(Collected data entries)
■ ■ ■
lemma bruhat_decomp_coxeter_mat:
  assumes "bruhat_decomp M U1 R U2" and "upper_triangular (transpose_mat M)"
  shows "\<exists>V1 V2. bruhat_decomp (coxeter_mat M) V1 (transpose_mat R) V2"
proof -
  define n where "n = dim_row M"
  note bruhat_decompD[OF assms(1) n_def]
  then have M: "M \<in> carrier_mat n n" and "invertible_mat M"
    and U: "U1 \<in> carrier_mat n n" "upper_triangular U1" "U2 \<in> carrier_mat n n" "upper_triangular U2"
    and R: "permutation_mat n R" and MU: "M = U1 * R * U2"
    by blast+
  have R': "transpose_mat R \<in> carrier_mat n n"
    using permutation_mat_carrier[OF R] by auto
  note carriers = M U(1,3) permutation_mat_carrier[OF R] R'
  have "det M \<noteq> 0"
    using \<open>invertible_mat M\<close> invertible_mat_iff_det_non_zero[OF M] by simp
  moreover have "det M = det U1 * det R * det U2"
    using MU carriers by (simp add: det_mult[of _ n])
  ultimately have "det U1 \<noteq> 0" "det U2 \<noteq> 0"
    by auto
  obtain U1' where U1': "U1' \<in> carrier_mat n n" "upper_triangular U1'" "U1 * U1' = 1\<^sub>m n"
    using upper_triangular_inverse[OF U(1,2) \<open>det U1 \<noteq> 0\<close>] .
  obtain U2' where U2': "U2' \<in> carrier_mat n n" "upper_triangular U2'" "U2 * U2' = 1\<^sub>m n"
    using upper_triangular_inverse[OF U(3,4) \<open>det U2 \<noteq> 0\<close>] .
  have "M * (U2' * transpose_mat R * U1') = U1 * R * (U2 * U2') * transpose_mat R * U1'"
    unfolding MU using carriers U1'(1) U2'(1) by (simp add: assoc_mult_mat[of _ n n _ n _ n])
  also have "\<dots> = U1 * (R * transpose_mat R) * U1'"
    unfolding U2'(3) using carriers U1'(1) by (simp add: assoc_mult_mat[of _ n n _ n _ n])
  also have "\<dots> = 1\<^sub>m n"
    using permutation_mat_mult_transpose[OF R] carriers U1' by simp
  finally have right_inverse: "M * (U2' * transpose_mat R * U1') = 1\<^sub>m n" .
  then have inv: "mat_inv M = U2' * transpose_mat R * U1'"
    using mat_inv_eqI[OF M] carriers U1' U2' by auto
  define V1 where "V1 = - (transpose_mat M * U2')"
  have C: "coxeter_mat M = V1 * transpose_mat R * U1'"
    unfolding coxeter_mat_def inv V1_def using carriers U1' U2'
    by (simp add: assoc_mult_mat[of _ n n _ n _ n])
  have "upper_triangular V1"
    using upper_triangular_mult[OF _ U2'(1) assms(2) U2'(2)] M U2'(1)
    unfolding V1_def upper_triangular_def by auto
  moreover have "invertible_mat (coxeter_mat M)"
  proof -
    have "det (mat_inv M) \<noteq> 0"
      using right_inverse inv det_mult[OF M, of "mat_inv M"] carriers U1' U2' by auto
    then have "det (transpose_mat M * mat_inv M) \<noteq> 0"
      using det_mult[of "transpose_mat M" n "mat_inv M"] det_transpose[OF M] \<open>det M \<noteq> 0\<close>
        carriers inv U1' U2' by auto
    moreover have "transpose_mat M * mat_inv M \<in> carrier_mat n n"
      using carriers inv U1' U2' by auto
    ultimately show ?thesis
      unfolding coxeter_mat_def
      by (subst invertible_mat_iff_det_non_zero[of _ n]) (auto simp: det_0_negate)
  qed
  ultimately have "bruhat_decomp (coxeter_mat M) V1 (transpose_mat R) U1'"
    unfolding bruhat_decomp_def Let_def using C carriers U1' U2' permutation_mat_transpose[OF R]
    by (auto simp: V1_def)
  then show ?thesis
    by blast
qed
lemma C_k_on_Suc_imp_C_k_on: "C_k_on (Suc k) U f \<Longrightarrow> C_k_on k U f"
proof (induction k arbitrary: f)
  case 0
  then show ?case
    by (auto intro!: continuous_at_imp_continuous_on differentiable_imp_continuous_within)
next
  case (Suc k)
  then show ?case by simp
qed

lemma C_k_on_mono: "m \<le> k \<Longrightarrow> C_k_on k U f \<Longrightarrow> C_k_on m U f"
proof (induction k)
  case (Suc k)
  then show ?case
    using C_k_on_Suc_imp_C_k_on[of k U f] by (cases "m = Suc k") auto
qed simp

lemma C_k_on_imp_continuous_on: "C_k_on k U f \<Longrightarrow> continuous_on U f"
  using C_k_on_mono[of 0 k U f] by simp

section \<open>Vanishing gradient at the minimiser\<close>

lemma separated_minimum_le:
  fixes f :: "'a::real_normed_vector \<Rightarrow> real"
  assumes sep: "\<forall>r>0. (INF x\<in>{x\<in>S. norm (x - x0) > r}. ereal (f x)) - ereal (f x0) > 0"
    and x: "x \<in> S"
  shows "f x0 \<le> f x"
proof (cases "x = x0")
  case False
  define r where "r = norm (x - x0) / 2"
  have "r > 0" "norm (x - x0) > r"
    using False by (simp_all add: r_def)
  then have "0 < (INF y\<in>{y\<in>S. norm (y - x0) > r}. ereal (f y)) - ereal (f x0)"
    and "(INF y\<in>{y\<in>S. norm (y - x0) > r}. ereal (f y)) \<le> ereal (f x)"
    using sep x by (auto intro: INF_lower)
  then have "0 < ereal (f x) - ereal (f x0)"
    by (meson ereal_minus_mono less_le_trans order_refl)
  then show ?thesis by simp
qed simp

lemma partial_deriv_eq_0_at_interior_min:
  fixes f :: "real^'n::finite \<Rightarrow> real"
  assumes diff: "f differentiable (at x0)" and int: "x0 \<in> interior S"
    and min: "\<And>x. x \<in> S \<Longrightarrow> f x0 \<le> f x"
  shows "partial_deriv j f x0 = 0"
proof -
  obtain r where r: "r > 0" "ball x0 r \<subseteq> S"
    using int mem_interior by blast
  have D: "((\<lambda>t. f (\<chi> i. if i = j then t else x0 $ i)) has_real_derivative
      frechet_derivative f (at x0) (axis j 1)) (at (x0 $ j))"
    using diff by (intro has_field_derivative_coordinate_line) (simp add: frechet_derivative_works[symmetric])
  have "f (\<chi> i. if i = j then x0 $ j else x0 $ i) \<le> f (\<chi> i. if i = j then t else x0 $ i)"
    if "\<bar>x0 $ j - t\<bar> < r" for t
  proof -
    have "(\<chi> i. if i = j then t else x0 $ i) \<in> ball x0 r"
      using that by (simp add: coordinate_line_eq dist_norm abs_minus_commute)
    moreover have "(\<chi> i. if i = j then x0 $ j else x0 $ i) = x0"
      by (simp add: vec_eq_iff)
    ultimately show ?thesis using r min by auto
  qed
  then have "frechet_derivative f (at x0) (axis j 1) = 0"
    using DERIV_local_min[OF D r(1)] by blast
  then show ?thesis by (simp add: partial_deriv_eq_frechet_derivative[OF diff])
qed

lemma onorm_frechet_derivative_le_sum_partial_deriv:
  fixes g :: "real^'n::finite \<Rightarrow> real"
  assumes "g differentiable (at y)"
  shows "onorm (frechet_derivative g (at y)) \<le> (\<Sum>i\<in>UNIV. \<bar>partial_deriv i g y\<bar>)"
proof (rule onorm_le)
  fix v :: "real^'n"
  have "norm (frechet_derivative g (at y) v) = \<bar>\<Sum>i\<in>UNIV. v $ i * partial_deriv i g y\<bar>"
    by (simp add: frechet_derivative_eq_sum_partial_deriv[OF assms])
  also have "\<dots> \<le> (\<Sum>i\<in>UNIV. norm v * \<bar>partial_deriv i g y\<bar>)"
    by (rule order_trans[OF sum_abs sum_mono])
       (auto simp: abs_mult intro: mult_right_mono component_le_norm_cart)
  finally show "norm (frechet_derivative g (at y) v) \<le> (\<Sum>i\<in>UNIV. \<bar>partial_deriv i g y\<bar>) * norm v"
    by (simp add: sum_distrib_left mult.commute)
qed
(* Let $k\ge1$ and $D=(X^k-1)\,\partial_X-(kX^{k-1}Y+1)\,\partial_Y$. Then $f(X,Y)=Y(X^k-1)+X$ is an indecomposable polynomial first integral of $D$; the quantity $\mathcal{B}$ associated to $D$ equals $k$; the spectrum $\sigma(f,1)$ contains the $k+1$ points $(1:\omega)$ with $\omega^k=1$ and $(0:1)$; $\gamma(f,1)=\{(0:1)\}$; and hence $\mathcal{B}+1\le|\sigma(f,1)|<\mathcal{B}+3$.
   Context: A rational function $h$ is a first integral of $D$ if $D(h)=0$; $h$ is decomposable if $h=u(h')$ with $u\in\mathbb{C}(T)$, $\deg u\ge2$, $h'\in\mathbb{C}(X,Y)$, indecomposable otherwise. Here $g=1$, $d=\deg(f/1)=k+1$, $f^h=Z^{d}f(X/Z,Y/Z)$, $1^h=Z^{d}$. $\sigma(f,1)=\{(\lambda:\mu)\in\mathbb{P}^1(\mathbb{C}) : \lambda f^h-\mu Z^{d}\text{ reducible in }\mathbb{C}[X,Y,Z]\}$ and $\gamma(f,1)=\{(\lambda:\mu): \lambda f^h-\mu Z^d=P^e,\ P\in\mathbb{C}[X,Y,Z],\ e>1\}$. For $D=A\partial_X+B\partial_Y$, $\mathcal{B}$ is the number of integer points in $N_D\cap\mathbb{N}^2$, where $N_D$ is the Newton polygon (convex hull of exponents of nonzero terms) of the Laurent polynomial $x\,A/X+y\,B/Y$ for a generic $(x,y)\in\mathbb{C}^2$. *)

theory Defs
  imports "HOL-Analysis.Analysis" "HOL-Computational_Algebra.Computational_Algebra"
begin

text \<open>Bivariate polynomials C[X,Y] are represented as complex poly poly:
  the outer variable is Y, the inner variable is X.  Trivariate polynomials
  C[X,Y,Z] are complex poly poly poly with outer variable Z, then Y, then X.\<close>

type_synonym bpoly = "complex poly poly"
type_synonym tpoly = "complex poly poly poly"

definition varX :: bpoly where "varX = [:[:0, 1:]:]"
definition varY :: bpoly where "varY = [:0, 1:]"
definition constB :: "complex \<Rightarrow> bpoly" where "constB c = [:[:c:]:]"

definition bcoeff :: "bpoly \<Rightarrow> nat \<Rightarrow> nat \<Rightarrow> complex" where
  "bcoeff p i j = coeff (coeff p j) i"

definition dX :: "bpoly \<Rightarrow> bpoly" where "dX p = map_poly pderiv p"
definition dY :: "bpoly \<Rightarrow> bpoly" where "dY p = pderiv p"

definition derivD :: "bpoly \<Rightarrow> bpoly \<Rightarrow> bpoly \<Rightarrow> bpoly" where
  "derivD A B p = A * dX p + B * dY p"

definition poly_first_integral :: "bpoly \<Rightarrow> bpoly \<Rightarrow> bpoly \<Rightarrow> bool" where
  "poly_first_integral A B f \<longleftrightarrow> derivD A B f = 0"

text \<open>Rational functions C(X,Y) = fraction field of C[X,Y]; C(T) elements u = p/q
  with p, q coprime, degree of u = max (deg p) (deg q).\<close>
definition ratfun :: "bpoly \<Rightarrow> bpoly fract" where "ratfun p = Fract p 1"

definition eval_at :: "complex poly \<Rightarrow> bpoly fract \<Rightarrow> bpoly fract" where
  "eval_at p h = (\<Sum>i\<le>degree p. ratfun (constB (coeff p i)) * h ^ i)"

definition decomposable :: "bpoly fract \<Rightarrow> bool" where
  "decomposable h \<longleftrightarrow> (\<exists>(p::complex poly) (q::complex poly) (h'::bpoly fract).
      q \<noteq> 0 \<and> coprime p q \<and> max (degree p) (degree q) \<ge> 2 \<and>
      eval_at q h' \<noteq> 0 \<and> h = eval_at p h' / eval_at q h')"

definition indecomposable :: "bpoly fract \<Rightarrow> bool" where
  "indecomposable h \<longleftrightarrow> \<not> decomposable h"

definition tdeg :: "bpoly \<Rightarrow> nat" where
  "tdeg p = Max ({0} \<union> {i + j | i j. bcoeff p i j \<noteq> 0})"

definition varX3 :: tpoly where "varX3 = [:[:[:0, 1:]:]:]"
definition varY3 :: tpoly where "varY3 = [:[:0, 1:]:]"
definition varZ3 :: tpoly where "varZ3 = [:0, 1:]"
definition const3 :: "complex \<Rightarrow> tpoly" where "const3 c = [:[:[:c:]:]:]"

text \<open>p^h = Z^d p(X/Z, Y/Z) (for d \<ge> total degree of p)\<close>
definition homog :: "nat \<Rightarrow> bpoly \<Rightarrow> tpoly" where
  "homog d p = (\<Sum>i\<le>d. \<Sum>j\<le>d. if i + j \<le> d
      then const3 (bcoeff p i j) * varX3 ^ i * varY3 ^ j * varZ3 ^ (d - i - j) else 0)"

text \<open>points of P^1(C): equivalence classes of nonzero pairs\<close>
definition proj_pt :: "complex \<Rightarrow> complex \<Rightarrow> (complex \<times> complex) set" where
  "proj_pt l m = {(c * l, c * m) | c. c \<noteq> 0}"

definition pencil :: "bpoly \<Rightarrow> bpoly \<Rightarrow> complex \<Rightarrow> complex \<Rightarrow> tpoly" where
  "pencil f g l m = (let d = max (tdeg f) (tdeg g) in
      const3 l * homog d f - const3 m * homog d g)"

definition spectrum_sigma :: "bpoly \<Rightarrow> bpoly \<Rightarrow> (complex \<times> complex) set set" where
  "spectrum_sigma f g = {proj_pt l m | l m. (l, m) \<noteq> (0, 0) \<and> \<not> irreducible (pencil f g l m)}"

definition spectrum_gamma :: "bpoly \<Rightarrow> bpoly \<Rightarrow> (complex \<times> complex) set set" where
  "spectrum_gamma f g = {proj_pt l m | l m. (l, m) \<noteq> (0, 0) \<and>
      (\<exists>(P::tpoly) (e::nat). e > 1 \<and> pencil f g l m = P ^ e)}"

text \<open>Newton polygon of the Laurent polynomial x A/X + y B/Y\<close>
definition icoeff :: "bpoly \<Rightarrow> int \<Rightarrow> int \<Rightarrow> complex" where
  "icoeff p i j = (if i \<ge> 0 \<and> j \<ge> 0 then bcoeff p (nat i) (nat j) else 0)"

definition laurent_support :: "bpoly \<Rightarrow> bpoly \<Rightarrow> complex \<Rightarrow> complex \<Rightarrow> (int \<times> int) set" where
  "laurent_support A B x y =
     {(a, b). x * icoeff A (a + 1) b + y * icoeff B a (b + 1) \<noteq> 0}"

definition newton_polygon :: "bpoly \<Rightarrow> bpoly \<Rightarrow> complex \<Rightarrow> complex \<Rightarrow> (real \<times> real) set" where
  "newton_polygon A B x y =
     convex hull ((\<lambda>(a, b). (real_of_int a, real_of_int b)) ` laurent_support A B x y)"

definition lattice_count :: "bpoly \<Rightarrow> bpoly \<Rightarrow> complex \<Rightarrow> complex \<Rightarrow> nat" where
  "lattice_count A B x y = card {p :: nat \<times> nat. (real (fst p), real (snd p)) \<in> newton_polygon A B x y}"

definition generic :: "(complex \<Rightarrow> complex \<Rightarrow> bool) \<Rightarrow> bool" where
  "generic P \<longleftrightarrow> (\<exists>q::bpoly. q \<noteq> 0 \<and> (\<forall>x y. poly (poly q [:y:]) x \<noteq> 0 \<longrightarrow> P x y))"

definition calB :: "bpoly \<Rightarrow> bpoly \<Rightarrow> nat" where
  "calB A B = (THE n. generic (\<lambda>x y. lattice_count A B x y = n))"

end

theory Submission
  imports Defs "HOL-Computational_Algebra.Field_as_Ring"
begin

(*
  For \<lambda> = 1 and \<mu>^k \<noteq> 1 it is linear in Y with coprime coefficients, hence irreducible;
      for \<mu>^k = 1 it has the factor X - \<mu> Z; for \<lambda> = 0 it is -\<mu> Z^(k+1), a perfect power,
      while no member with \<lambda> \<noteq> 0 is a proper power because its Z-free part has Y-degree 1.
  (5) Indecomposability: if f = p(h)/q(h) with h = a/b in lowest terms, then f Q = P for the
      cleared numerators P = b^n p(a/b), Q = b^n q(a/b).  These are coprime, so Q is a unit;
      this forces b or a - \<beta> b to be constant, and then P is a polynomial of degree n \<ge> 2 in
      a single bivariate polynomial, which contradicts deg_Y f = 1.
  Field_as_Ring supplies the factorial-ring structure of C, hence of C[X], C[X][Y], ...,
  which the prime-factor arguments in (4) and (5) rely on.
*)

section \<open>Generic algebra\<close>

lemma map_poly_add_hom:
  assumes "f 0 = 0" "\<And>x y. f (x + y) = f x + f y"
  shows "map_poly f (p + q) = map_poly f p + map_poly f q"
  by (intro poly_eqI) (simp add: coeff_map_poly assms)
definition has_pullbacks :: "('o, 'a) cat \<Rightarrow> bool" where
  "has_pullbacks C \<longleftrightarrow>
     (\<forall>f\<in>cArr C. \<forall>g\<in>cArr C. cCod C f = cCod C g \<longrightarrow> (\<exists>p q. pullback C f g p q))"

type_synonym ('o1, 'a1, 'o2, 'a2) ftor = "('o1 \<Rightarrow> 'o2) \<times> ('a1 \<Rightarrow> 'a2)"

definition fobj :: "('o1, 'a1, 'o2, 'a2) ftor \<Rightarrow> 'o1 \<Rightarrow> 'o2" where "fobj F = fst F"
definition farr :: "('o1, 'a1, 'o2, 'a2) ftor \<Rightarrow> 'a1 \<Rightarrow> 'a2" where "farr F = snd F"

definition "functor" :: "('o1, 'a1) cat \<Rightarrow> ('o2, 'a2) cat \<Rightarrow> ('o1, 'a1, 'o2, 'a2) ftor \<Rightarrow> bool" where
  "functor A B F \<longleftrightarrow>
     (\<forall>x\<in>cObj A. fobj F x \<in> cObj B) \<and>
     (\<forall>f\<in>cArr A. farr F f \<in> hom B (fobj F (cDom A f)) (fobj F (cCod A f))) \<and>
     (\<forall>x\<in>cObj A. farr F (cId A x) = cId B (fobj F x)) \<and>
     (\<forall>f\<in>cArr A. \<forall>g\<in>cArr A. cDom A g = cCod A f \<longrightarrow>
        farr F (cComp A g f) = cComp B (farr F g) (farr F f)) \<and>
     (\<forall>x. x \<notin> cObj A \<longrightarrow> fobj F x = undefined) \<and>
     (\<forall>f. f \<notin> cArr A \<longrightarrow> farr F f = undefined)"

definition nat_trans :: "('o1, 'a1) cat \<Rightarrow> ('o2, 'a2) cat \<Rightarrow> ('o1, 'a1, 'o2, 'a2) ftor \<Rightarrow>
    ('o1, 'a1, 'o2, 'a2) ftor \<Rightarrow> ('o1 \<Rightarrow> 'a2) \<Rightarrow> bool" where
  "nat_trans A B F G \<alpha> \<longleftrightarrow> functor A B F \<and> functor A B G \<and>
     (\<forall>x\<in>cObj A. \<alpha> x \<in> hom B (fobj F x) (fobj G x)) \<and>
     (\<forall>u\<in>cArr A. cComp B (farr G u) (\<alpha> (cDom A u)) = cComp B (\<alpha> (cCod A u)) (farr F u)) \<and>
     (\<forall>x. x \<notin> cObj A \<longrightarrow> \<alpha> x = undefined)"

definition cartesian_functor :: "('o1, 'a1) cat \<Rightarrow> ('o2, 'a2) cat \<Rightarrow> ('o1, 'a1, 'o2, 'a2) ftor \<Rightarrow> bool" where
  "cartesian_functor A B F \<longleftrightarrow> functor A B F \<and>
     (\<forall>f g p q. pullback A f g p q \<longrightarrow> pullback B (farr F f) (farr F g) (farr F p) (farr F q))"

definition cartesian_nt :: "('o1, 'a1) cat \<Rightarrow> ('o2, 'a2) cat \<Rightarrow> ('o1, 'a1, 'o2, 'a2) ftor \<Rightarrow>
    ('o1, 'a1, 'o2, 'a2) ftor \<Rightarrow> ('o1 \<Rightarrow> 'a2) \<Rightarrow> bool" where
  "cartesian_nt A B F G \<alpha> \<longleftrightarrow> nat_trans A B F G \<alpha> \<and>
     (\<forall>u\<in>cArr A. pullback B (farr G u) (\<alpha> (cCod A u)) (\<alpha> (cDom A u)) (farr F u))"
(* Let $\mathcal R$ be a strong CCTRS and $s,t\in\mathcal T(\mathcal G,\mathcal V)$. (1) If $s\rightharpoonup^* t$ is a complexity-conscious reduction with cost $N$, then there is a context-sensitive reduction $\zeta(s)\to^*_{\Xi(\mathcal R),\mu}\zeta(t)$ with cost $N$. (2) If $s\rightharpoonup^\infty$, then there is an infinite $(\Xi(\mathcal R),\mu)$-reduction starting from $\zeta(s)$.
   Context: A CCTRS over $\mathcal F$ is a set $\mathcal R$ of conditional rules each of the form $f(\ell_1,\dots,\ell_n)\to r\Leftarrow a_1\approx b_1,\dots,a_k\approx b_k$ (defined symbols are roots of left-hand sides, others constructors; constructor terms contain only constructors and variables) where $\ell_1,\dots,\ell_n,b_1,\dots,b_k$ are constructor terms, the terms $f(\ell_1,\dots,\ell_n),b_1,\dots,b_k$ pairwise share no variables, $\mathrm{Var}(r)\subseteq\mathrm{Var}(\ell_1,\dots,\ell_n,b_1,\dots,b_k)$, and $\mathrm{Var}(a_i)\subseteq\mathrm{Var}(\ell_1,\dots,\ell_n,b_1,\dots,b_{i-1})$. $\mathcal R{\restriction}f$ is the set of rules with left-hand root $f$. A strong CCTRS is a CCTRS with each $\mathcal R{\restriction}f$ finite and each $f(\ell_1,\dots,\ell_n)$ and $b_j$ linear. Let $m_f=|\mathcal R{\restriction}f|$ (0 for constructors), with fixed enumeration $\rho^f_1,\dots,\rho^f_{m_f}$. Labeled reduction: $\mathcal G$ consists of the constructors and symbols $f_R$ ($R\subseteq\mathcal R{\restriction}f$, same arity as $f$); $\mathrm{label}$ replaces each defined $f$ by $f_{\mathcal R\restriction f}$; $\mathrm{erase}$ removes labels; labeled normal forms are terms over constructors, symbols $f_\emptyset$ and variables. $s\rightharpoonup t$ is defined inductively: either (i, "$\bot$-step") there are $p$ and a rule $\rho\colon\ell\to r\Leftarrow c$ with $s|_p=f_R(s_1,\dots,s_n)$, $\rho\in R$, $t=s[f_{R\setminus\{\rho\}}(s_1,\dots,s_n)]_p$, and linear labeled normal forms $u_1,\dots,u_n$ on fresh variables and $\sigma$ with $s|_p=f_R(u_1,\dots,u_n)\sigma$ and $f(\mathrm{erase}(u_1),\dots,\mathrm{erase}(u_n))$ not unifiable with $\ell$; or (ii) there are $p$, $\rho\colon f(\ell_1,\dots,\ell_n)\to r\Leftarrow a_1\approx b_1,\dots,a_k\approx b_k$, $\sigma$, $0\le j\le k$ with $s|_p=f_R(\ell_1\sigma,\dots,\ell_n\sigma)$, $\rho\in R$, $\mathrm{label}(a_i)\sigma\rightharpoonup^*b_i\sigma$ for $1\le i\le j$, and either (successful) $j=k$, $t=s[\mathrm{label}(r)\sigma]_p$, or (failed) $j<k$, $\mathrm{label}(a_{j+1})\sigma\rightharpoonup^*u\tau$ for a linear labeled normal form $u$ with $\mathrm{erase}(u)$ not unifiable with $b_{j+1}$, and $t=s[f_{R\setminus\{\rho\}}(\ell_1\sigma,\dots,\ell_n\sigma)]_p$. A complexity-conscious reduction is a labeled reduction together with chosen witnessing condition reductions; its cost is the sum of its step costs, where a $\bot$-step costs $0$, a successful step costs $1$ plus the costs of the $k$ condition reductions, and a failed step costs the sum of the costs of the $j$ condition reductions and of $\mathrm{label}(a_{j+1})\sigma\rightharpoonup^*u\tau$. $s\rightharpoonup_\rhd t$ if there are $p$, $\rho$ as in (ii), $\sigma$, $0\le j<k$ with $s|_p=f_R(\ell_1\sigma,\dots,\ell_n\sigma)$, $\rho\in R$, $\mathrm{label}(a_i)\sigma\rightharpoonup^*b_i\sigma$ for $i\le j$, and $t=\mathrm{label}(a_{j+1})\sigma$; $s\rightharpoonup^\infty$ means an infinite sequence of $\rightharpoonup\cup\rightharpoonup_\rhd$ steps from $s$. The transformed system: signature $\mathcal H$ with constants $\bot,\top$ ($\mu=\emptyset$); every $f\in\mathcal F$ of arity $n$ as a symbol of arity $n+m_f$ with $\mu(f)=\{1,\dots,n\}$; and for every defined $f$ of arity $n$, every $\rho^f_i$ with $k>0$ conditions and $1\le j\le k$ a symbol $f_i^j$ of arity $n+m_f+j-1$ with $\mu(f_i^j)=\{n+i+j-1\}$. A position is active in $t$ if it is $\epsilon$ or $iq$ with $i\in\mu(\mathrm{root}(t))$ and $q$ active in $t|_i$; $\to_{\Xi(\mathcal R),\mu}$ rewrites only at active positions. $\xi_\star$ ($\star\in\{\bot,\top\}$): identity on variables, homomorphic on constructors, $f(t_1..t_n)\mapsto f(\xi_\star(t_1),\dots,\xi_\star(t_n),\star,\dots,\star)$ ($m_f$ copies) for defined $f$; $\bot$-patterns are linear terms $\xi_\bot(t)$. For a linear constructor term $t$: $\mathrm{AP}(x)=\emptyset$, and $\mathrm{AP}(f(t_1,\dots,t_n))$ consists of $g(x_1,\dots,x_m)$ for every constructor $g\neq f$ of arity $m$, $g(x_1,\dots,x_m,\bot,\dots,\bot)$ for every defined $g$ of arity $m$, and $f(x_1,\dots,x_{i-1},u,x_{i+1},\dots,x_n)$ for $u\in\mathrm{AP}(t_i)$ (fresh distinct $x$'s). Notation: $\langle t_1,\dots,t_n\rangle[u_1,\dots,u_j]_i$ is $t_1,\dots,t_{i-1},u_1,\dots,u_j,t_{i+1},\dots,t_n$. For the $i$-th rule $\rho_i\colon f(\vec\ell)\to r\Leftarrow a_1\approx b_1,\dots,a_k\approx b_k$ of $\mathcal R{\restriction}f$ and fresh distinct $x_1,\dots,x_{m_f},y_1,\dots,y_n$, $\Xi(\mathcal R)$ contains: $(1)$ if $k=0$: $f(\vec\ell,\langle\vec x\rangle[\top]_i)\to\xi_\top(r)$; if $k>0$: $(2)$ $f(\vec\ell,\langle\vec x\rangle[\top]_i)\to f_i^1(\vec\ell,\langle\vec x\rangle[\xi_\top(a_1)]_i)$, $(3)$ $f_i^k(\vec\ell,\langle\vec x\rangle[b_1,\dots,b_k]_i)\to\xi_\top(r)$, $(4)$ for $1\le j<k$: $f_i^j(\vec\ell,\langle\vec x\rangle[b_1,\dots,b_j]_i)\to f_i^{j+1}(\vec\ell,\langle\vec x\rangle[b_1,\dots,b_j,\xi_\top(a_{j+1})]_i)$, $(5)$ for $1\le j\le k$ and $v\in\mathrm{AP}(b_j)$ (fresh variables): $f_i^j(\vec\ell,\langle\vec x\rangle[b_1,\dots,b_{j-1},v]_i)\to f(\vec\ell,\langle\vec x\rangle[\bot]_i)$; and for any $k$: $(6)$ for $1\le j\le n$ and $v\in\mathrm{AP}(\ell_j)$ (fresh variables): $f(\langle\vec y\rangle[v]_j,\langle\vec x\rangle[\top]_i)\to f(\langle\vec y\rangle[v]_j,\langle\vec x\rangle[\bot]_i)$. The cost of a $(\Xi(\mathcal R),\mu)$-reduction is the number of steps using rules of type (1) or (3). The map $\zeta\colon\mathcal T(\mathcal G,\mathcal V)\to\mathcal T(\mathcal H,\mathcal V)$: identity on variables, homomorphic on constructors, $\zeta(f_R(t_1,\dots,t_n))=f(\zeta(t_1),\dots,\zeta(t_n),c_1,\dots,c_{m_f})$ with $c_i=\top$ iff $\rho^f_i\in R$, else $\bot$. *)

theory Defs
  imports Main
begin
■ ■ ■
● **TASK INSTRUCTIONS**
Start with the first line of the data and print every line exactly. The line containing "note bruhat_decompD[OF assms(1) n_def]" is the last one to include.

● **SOLUTION**
lemma bruhat_decomp_coxeter_mat:
  assumes "bruhat_decomp M U1 R U2" and "upper_triangular (transpose_mat M)"
  shows "\<exists>V1 V2. bruhat_decomp (coxeter_mat M) V1 (transpose_mat R) V2"
proof -
  define n where "n = dim_row M"
  note bruhat_decompD[OF assms(1) n_def]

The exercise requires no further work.